Même les grandes chaînes comme Olivier Dachkin constatent une baisse du chiffre d’affaires liée aux changements d’habitude des clients, nous explique la chargée de communication et marketing d’Olivier Dachkin. "Cette baisse, on l’explique parce que le télétravail est très mauvais pour nous. Les clients ont moins le souci de se faire coiffer. Certains clients ont changé leurs habitudes. Ceux qui ont des cheveux blancs ont opté pour leur vraie couleur."

Le recrutement a toujours été difficile

Chez Olivier Dachkin, une tendance assez étonnante se dessine dans la fréquentation des salons de la chaîne. "Les clients n’osent plus passer trop de temps dans les centres commerciaux. On constate une plus grande baisse de chiffres d’affaires dans les shoppings que dans les rues commerçantes. Le côté plaisir n’est plus là, parce qu’on doit porter les masques. Certains ont peur aussi de passer trop de temps dans un salon."

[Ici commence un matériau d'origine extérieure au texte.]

(* Let $(X,e,\mu)$ be an $\mathrm{NP}_2$-digital H-space. Then $X_e$, the connected component of $X$ containing $e$, is $\mathrm{NP}_2$-contractible.
   Context: A digital image is a finite set $X\subset\mathbb{Z}^n$ with a reflexive symmetric adjacency relation (a finite reflexive graph); continuous maps send adjacent points to adjacent points. On products, $\mathrm{NP}_2$ declares two tuples adjacent iff coordinates are adjacent in at most 2 positions and equal elsewhere. An $\mathrm{NP}_2$-homotopy from $f$ to $g:X\to Y$ is an $\mathrm{NP}_2$-continuous $H:X\times[0,m]_{\mathbb{Z}}\to Y$ with $H(\cdot,0)=f$, $H(\cdot,m)=g$; write $f\simeq_2 g$. A digital image is $\mathrm{NP}_2$-contractible if it is $\mathrm{NP}_2$-homotopy equivalent to a single point (equivalently its identity is $\mathrm{NP}_2$-homotopic to a constant map). $(f,g)(x)=(f(x),g(x))$; $c_e$ is constant at $e$. An $\mathrm{NP}_2$-digital H-space is $(X,e,\mu)$ with $\mu:X\times X\to X$ $\mathrm{NP}_2$-continuous, $\mu\circ(\mathrm{id}_X,c_e)\simeq_2\mathrm{id}_X$, $\mu\circ(c_e,\mathrm{id}_X)\simeq_2\mathrm{id}_X$ (homotopies need not be pointed). *)

theory Defs
  imports "HOL-Analysis.Analysis"
begin

definition digital_image :: "'a set \<Rightarrow> ('a \<Rightarrow> 'a \<Rightarrow> bool) \<Rightarrow> bool" where
  "digital_image X adj \<longleftrightarrow> finite X \<and> (\<forall>x\<in>X. adj x x)
     \<and> (\<forall>x\<in>X. \<forall>y\<in>X. adj x y \<longrightarrow> adj y x)"

definition dcont :: "'a set \<Rightarrow> ('a \<Rightarrow> 'a \<Rightarrow> bool) \<Rightarrow> 'b set \<Rightarrow> ('b \<Rightarrow> 'b \<Rightarrow> bool)
    \<Rightarrow> ('a \<Rightarrow> 'b) \<Rightarrow> bool" where
  "dcont X adjX Y adjY f \<longleftrightarrow> (\<forall>x\<in>X. f x \<in> Y)
     \<and> (\<forall>x\<in>X. \<forall>x'\<in>X. adjX x x' \<longrightarrow> adjY (f x) (f x'))"

text \<open>NP_2 adjacency on a product of two digital images: the tuples are adjacent iff
  coordinates are adjacent in at most 2 positions and equal elsewhere; with two factors
  this says each coordinate is equal or adjacent.\<close>
definition np2_adj :: "('a \<Rightarrow> 'a \<Rightarrow> bool) \<Rightarrow> ('b \<Rightarrow> 'b \<Rightarrow> bool)
    \<Rightarrow> 'a \<times> 'b \<Rightarrow> 'a \<times> 'b \<Rightarrow> bool" where
  "np2_adj adj1 adj2 p q \<longleftrightarrow>
     (fst p = fst q \<or> adj1 (fst p) (fst q)) \<and> (snd p = snd q \<or> adj2 (snd p) (snd q))"

definition int_adj :: "int \<Rightarrow> int \<Rightarrow> bool" where
  "int_adj s t \<longleftrightarrow> \<bar>s - t\<bar> \<le> 1"

definition np2_homotopic :: "'a set \<Rightarrow> ('a \<Rightarrow> 'a \<Rightarrow> bool) \<Rightarrow> 'b set \<Rightarrow> ('b \<Rightarrow> 'b \<Rightarrow> bool)
    \<Rightarrow> ('a \<Rightarrow> 'b) \<Rightarrow> ('a \<Rightarrow> 'b) \<Rightarrow> bool" where
  "np2_homotopic X adjX Y adjY f g \<longleftrightarrow>
     (\<exists>(m::int) H. 0 \<le> m
        \<and> dcont (X \<times> {0..m}) (np2_adj adjX int_adj) Y adjY H
        \<and> (\<forall>x\<in>X. H (x, 0) = f x) \<and> (\<forall>x\<in>X. H (x, m) = g x))"

definition np2_H_space :: "'a set \<Rightarrow> ('a \<Rightarrow> 'a \<Rightarrow> bool) \<Rightarrow> 'a \<Rightarrow> ('a \<times> 'a \<Rightarrow> 'a) \<Rightarrow> bool" where
  "np2_H_space X adj e \<mu> \<longleftrightarrow> digital_image X adj \<and> e \<in> X
     \<and> dcont (X \<times> X) (np2_adj adj adj) X adj \<mu>
     \<and> np2_homotopic X adj X adj (\<lambda>x. \<mu> (x, e)) id
     \<and> np2_homotopic X adj X adj (\<lambda>x. \<mu> (e, x)) id"

definition component :: "'a set \<Rightarrow> ('a \<Rightarrow> 'a \<Rightarrow> bool) \<Rightarrow> 'a \<Rightarrow> 'a set" where
  "component X adj e = {y \<in> X. (\<lambda>a b. a \<in> X \<and> b \<in> X \<and> adj a b)\<^sup>*\<^sup>* e y}"

definition np2_contractible :: "'a set \<Rightarrow> ('a \<Rightarrow> 'a \<Rightarrow> bool) \<Rightarrow> bool" where
  "np2_contractible X adj \<longleftrightarrow> (\<exists>p\<in>X. np2_homotopic X adj X adj id (\<lambda>_. p))"

end

theory Submission
  imports Defs
begin

text \<open>An NP_2 homotopy between self-maps of a digital image is the same as a finite chain of
  continuous maps in which consecutive maps send adjacent points to adjacent points. The
  H-space structure restricts to the component X_e of e, where it is connected. There choose a
  map f homotopic to the identity whose image R is as small as possible. No point of R is
  dominated by another point of R (folding it onto the other one would shrink R), and hence every
  map homotopic to the identity with values in R permutes R and is determined on R by any map
  adjacent to it. Comparing the translations x \<mapsto> f (\<mu> (x, y)) by a neighbour y \<in> R of
  f e and by f e itself shows y = f e; so f is constant on the connected X_e.\<close>

section \<open>Components and restriction to a component\<close>

lemma component_subset: "component X adj e \<subseteq> X"
  by (auto simp: component_def)

lemma self_in_component: "e \<in> X \<Longrightarrow> e \<in> component X adj e"
  by (simp add: component_def)

lemma component_trans:
  assumes "a \<in> component X adj e"
  shows "component X adj a \<subseteq> component X adj e"
  using assms by (auto simp: component_def intro: rtranclp_trans)

lemma component_adj_closed:
  assumes "y \<in> component X adj e" "z \<in> X" "adj y z"
  shows "z \<in> component X adj e"
  using assms by (auto simp: component_def intro: rtranclp.rtrancl_into_rtrancl)

lemma dcont_component_image:
  assumes F: "dcont X adjX Y adjY F" and x: "x \<in> component X adjX e"
  shows "F x \<in> component Y adjY (F e)"
proof -
  have "(\<lambda>a b. a \<in> X \<and> b \<in> X \<and> adjX a b)\<^sup>*\<^sup>* e x" "x \<in> X"
    using x by (auto simp: component_def)
  then show ?thesis
  proof (induction rule: rtranclp_induct)
    case base
    then show ?case using F by (auto simp: dcont_def component_def)
  next
    case (step a b)
    then have "F a \<in> component Y adjY (F e)" by blast
    then show ?case
      using step F by (auto simp: dcont_def intro: component_adj_closed)
  qed
qed

lemma component_component: "component (component X adj e) adj e = component X adj e"
proof
  show "component (component X adj e) adj e \<subseteq> component X adj e"
    by (rule component_subset)
next
  let ?C = "component X adj e"
  show "?C \<subseteq> component ?C adj e"
  proof
    fix y assume "y \<in> ?C"
    then have "(\<lambda>a b. a \<in> X \<and> b \<in> X \<and> adj a b)\<^sup>*\<^sup>* e y" "y \<in> X"
      by (auto simp: component_def)
    then show "y \<in> component ?C adj e"
    proof (induction rule: rtranclp_induct)
      case base
      then show ?case by (simp add: self_in_component)
    next
      case (step a b)
      then have "a \<in> component ?C adj e" "a \<in> ?C" "b \<in> ?C"
        using component_adj_closed[of a X adj e b] component_subset[of ?C adj e] by blast+
      then show ?case using step component_adj_closed by metis
    qed
  qed
qed

lemma digital_image_subset: "digital_image X adj \<Longrightarrow> C \<subseteq> X \<Longrightarrow> digital_image C adj"
  by (auto simp: digital_image_def intro: finite_subset)

lemma dcont_restrict:
  assumes "dcont A adjA B adjB H" "A' \<subseteq> A" "\<And>x. x \<in> A' \<Longrightarrow> H x \<in> B'"
  shows "dcont A' adjA B' adjB H"
  using assms unfolding dcont_def by blast

lemma dcont_id: "dcont X adj X adj id"
  by (simp add: dcont_def)

lemma dcont_const: "y \<in> Y \<Longrightarrow> adjY y y \<Longrightarrow> dcont X adjX Y adjY (\<lambda>_. y)"
  by (simp add: dcont_def)

lemma dcont_comp:
  "dcont Y adjY Z adjZ f \<Longrightarrow> dcont X adjX Y adjY g \<Longrightarrow> dcont X adjX Z adjZ (\<lambda>x. f (g x))"
  by (simp add: dcont_def)

lemma dcont_np2_slice:
  assumes \<mu>: "dcont (X \<times> Y) (np2_adj adjX adjY) Z adjZ \<mu>" and y: "y \<in> Y"
  shows "dcont X adjX Z adjZ (\<lambda>x. \<mu> (x, y))"
  unfolding dcont_def
proof (intro conjI ballI impI)
  fix x assume "x \<in> X"
  then show "\<mu> (x, y) \<in> Z" using \<mu> y unfolding dcont_def by blast
next
  fix x x' assume "x \<in> X" "x' \<in> X" "adjX x x'"
  moreover have "np2_adj adjX adjY (x, y) (x', y)" using \<open>adjX x x'\<close> by (simp add: np2_adj_def)
  ultimately show "adjZ (\<mu> (x, y)) (\<mu> (x', y))" using \<mu> y unfolding dcont_def by blast
qed

lemma np2_homotopic_dcont_start:
  assumes "np2_homotopic X adj Y adjY f g"
  shows "dcont X adj Y adjY f"
proof -
  obtain m H where m: "0 \<le> m" and H: "dcont (X \<times> {0..m}) (np2_adj adj int_adj) Y adjY H"
    and H0: "\<forall>x\<in>X. H (x, 0) = f x"
    using assms unfolding np2_homotopic_def by auto
  have "dcont X adj Y adjY (\<lambda>x. H (x, 0))" using dcont_np2_slice[OF H] m by simp
  then show ?thesis using H0 by (simp add: dcont_def)
qed

lemma np2_homotopy_track_in_component:
  assumes H: "dcont (X \<times> {0..m}) (np2_adj adj int_adj) Y adjY H"
    and x: "x \<in> X" and t: "0 \<le> t" "t \<le> m"
  shows "H (x, t) \<in> component Y adjY (H (x, m))"
proof -
  have "H (x, m - int k) \<in> component Y adjY (H (x, m))" if "int k \<le> m" for k
    using that
  proof (induction k)
    case 0
    then show ?case using H x by (simp add: dcont_def self_in_component)
  next
    case (Suc k)
    have "H (x, m - int (Suc k)) \<in> Y" "adjY (H (x, m - int k)) (H (x, m - int (Suc k)))"
      using H x Suc.prems by (auto simp: dcont_def np2_adj_def int_adj_def)
    then show ?case using Suc by (auto intro: component_adj_closed)
  qed
  from this[of "nat (m - t)"] show ?thesis using t by simp
qed

text \<open>Every stage H(-, t) is continuous and H(e, t) is joined to H(e, m) = e along the
  homotopy, so every stage maps the component of e into itself.\<close>
lemma np2_homotopic_id_component:
  assumes "np2_homotopic X adj X adj f id" "e \<in> X"
  shows "np2_homotopic (component X adj e) adj (component X adj e) adj f id"
proof -
  let ?C = "component X adj e"
  obtain m H where m: "0 \<le> m" and H: "dcont (X \<times> {0..m}) (np2_adj adj int_adj) X adj H"
    and H0: "\<forall>x\<in>X. H (x, 0) = f x" and Hm: "\<forall>x\<in>X. H (x, m) = x"
    using assms(1) unfolding np2_homotopic_def by auto
  have HC: "H (x, t) \<in> ?C" if "x \<in> ?C" "0 \<le> t" "t \<le> m" for x t
  proof -
    have "H (e, m) = e" using Hm assms(2) by blast
    then have "H (e, t) \<in> ?C"
      using np2_homotopy_track_in_component[OF H assms(2) that(2,3)] by simp
    then have "component X adj (H (e, t)) \<subseteq> ?C"
      by (rule component_trans)
    moreover have "dcont X adj X adj (\<lambda>x. H (x, t))"
      using dcont_np2_slice[OF H, of t] that(2,3) by simp
    then have "H (x, t) \<in> component X adj (H (e, t))"
      using dcont_component_image that(1) by fastforce
    ultimately show ?thesis by blast
  qed
  have "dcont (?C \<times> {0..m}) (np2_adj adj int_adj) ?C adj H"
    by (rule dcont_restrict[OF H]) (use component_subset[of X adj e] HC in auto)
  moreover have "\<forall>x\<in>?C. H (x, 0) = f x" "\<forall>x\<in>?C. H (x, m) = id x"
    using H0 Hm component_subset[of X adj e] by auto
  ultimately show ?thesis
    unfolding np2_homotopic_def using m by (intro exI[of _ m] exI[of _ H]) simp
qed

lemma np2_H_space_component:
  assumes "np2_H_space X adj e \<mu>"
  shows "np2_H_space (component X adj e) adj e \<mu>"
proof -
  let ?C = "component X adj e"
  have X: "digital_image X adj" and e: "e \<in> X"
    and \<mu>: "dcont (X \<times> X) (np2_adj adj adj) X adj \<mu>"
    and hl: "np2_homotopic X adj X adj (\<lambda>x. \<mu> (x, e)) id"
    and hr: "np2_homotopic X adj X adj (\<lambda>x. \<mu> (e, x)) id"
    using assms by (auto simp: np2_H_space_def)
  have hlC: "np2_homotopic ?C adj ?C adj (\<lambda>x. \<mu> (x, e)) id"
    and hrC: "np2_homotopic ?C adj ?C adj (\<lambda>x. \<mu> (e, x)) id"
    using np2_homotopic_id_component[OF hl e] np2_homotopic_id_component[OF hr e] by simp_all
  have \<mu>C: "\<mu> (x, y) \<in> ?C" if "x \<in> ?C" "y \<in> ?C" for x y
  proof -
    have "y \<in> X" using that(2) component_subset[of X adj e] by blast
    with \<mu> have "dcont X adj X adj (\<lambda>x. \<mu> (x, y))"
      by (rule dcont_np2_slice)
    from dcont_component_image[OF this that(1)]
    have "\<mu> (x, y) \<in> component X adj (\<mu> (e, y))" .
    moreover have "\<mu> (e, y) \<in> ?C"
      using np2_homotopic_dcont_start[OF hrC] that(2) by (simp add: dcont_def)
    then have "component X adj (\<mu> (e, y)) \<subseteq> ?C"
      by (rule component_trans)
    ultimately show ?thesis by blast
  qed
  have "dcont (?C \<times> ?C) (np2_adj adj adj) ?C adj \<mu>"
    by (rule dcont_restrict[OF \<mu>]) (use component_subset[of X adj e] \<mu>C in auto)
  then show ?thesis
    using digital_image_subset[OF X component_subset] self_in_component[OF e] hlC hrC
    by (simp add: np2_H_space_def)
qed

Ici aussi le recrutement est compliqué. "Le recrutement a toujours été difficile, même avant le covid, sauf que l’un dans l’autre, chez nous on travaille avec beaucoup de personnels. Le recrutement, on n’en a pas fait beaucoup ces derniers temps, avec les gens qui se reconvertissent. Mais je confirme que c’est compliqué, j’ai mis des annonces et c’est plus difficile de recruter dans les grandes villes comme Bruxelles qu’à Eghezée ou à Dinant. Mais c'est sans doute à cause du coût de la vie."